Silgan goes silver

It’s been 25 years since Greg Horrigan and Phil Silver created the canmaking group Silgan. John Nutting charts their history
Silgan Container, North America’s leading manufacturer of food cans, an increasingly global player in metal closures, and now a player in central and eastern Europe, this month could be celebrating the 25th anniversary of its founding in 1987.
But the canmaker, part of Silgan Holdings based in Stamford, Connecticut, is unlikely to be blowing its trumpet. Says chief executive Tony Allott: “While we are avid champions for the can, we prefer the spotlight on the attributes of the package and not on our own activities.”
 

Not that it doesn’t have a good story to tell. Silgan Holdings, based in Connecticut and with its canmaking operations headquarters in California, has long been the supplier of cans to blue-chip food manufacturers such as Nestlé, Del Monte, Heinz, Hormel and Campbell Soup, and as such is not one to upstage its customers’ marketing activities.

Yet it has been a key driver in the transformation of food can design in North America, through the introduction of convenience features such as full-aperture easy-open ends. And it has resisted the challenges from competing packaging such as cartons for food. Silgan’s cans are behind many of the familiar labels on US supermarket shelves.
Over the 25 years it has grown through acquisition in a period that is notable for the move from self-manufacture of cans by food companies to specialist canmakers that are more capable of controlling costs. Silgan started by acquiring canmaking operations from Nestlé, and was still doing so last year when it signed a deal with the Swiss food group to supply cans for Purina pet food products. It has also diversified into other types of packaging, and it’s a leading supplier of plastics packaging and containers.
Like many canmakers, the most prominent display of corporate chest beating at Silgan is for its financial performance. And rightly so: last year its sales topped US$3.5 billion, of which $2.2bn was from metal containers and $688 million was from metal closures. Despite a weak vegetable pack in North America in 2011, sales growth was 14.3 percent, some of which would have been from metal price inflation, showing that Silgan has managed well to pass increases through to its customers.
This has also been helped by the global spread of Silgan’s manufacturing plants. In North America it has 26 canmaking operations including its R&D centre; in Europe it has 15 of the Vogel+Noot-owned plants acquired in 2010, from Germany to Russia and into the Middle East in Jordan; and its metal closures plants (formerly mostly owned by Continental White Cap) are all over the world, from the US to Brazil and Europe to the Philippines, including China.
Silgan originated from an opportunity that had been identified by two former executives of US-based Continental Can Co, which in the mid-1980s was one of the largest canmakers in the world.

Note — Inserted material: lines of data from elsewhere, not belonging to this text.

lemma Lim_U_partial_split:
  assumes z: "holder_path_below H (\<lambda>t. Z t \<omega>)" and "0 < H" "0 < \<gamma>" "a \<le> t"
  shows "Lim at_bot (\<lambda>T. U_partial H Z \<gamma> T t \<omega>) = Lim at_bot (\<lambda>T. U_partial H Z \<gamma> T a \<omega>)
           + RS_integral (\<lambda>s. exp ((\<gamma> - 1) * s)) (\<lambda>s. Z (time_change H s 1) \<omega>) a t"
    (is "_ = _ + ?I")
proof -
  from U_partial_convergent[where Z=Z and \<omega>=\<omega>, OF z \<open>0 < H\<close> \<open>0 < \<gamma>\<close>]
  obtain L where L: "((\<lambda>T. U_partial H Z \<gamma> T a \<omega>) \<longlongrightarrow> L) at_bot" ..
  have "((\<lambda>T. U_partial H Z \<gamma> T a \<omega> + ?I) \<longlongrightarrow> L + ?I) at_bot"
    by (intro tendsto_add L tendsto_const)
  moreover have "\<forall>\<^sub>F T in at_bot. U_partial H Z \<gamma> T a \<omega> + ?I = U_partial H Z \<gamma> T t \<omega>"
  proof (unfold eventually_at_bot_linorder, intro exI[of _ a] allI impI)
    fix T assume "T \<le> a"
    then show "U_partial H Z \<gamma> T a \<omega> + ?I = U_partial H Z \<gamma> T t \<omega>"
      unfolding U_partial_def
      by (intro RS_integral_combine[where f'="\<lambda>s. (\<gamma> - 1) * exp ((\<gamma> - 1) * s)", symmetric,
            OF _ \<open>a \<le> t\<close> continuous_on_time_change[OF z \<open>0 < H\<close> zero_less_one] has_real_derivative_exp_scaled]
          continuous_intros)
  qed
  ultimately have "((\<lambda>T. U_partial H Z \<gamma> T t \<omega>) \<longlongrightarrow> L + ?I) at_bot"
    by (rule Lim_transform_eventually)
  then show ?thesis
    using L by (simp add: tendsto_Lim[OF trivial_limit_at_bot_linorder])
qed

Likely uncertainty about Continental’s future ownership prompted its company president Phil Silver to leave in August 1986 to become a consultant to the packaging industry. Greg Horrigan, who had been chief operating officer for three years, left in 1987.
The catalyst was the acquisition by Nestlé of Carnation Milk in the US, a leading manufacturer of canned condensed milk. Carnation had been running its own canmaking operations at 13 plants, one of which was still under construction, and these were to be taken over for $150 million by a new company created by specialists Horrigan and Silver and funded by bond issues.
Hence the name Silgan, which was founded on 6 August 1987. Growth of the new canmaker was key and within ten years Silgan had acquired six food container plants including those of Fort Madison Can Co, Seaboard Carton Co, Northern Can Systems and the larger food can operations of Del Monte, American National Can and Curtis Burns. Rationalisation was also fundamental to the business plan, so that canmaking operations were consolidated. Of the original Carnation plants for example, only seven remain.
By 1996, sales were $1.2bn a year from slightly more than a third share of the North American food can market, of which about 80 percent was in long-term supply agreements with customers in the food industry. Leading customer was Nestlé with 17 percent followed by Del Monte with 12 percent.
The next big move was to acquire the canmaking business of Campbell Soup, which had been planning to withdraw from self-manufacture as part of a restructuring. Funded with an IPO, in March 1998 Silgan acquired four Campbell canmaking operations – Sacramento in California, Maxton in North Carolina, Napoleon in Ohio and Paris in Texas – in a deal worth $125m and linked to another ten-year supply agreement.
As the leading manufacturer of cans for food products with more than half the market, Silgan invested in new technology, initially with Campbell Soup in 1999 for the production of full-aperture easy-open ends for heat-processed products, which were then still in their infancy in the US. Silgan also collaborated with Crown in the development of drawn aluminium cans for Hormel’s Spam luncheon meat.
Innovation with the development of easy-open ends for food cans has enabled Silgan to prevail in the face of competition from other pack types, such as cartons.
When Hormel Foods decided to switch its Stagg chilli brand from cans to Tetra Recart in 2003, Thomas Snyder, sales and marketing chief for North America, said Silgan was disappointed. “Hormel is an innovator. Although [Hormel] opted for the box instead of our consumer-preferred convenience ends, we were very pleased to see that Campbell’s decided to launch its new Chunky Chili line in a Silgan Quick Top container.”
But the logistics of cartons didn’t work out and about two years later Hormel returned to Silgan’s metal cans.
More recently, acquisitions in the US have slowed – the canmaking facility of tomato-packer Pacific Coast Producers in 2003 and the more recent deal to supply Nestlé Purina Pet Care with drawn cans being notable – as Silgan looked abroad. Also in 2003 it bought the remaining two thirds of closure manufacturer Amcor White Cap it didn’t already own to consolidate its international presence.
Expansion hasn’t all been smooth though. In 2011, Silgan tried to merge with US plastics packaging manufacturer Graham Packaging in a $4bn deal but was beaten by a bigger offer from New Zealand-based Reynolds. It means that Silgan still has the financial clout for further expansion, and this could be in any part of the packaging business that fits with the corporate plans of Horrigan and Silver, who remain non-executive co-chairmen.
Which is no doubt why they have recently bought a thermoformed plastics packaging business from Rexam for $250 million. Like Ardagh and its metal and glass packaging, there is plenty of customer overlap at Silgan between plastics and metal.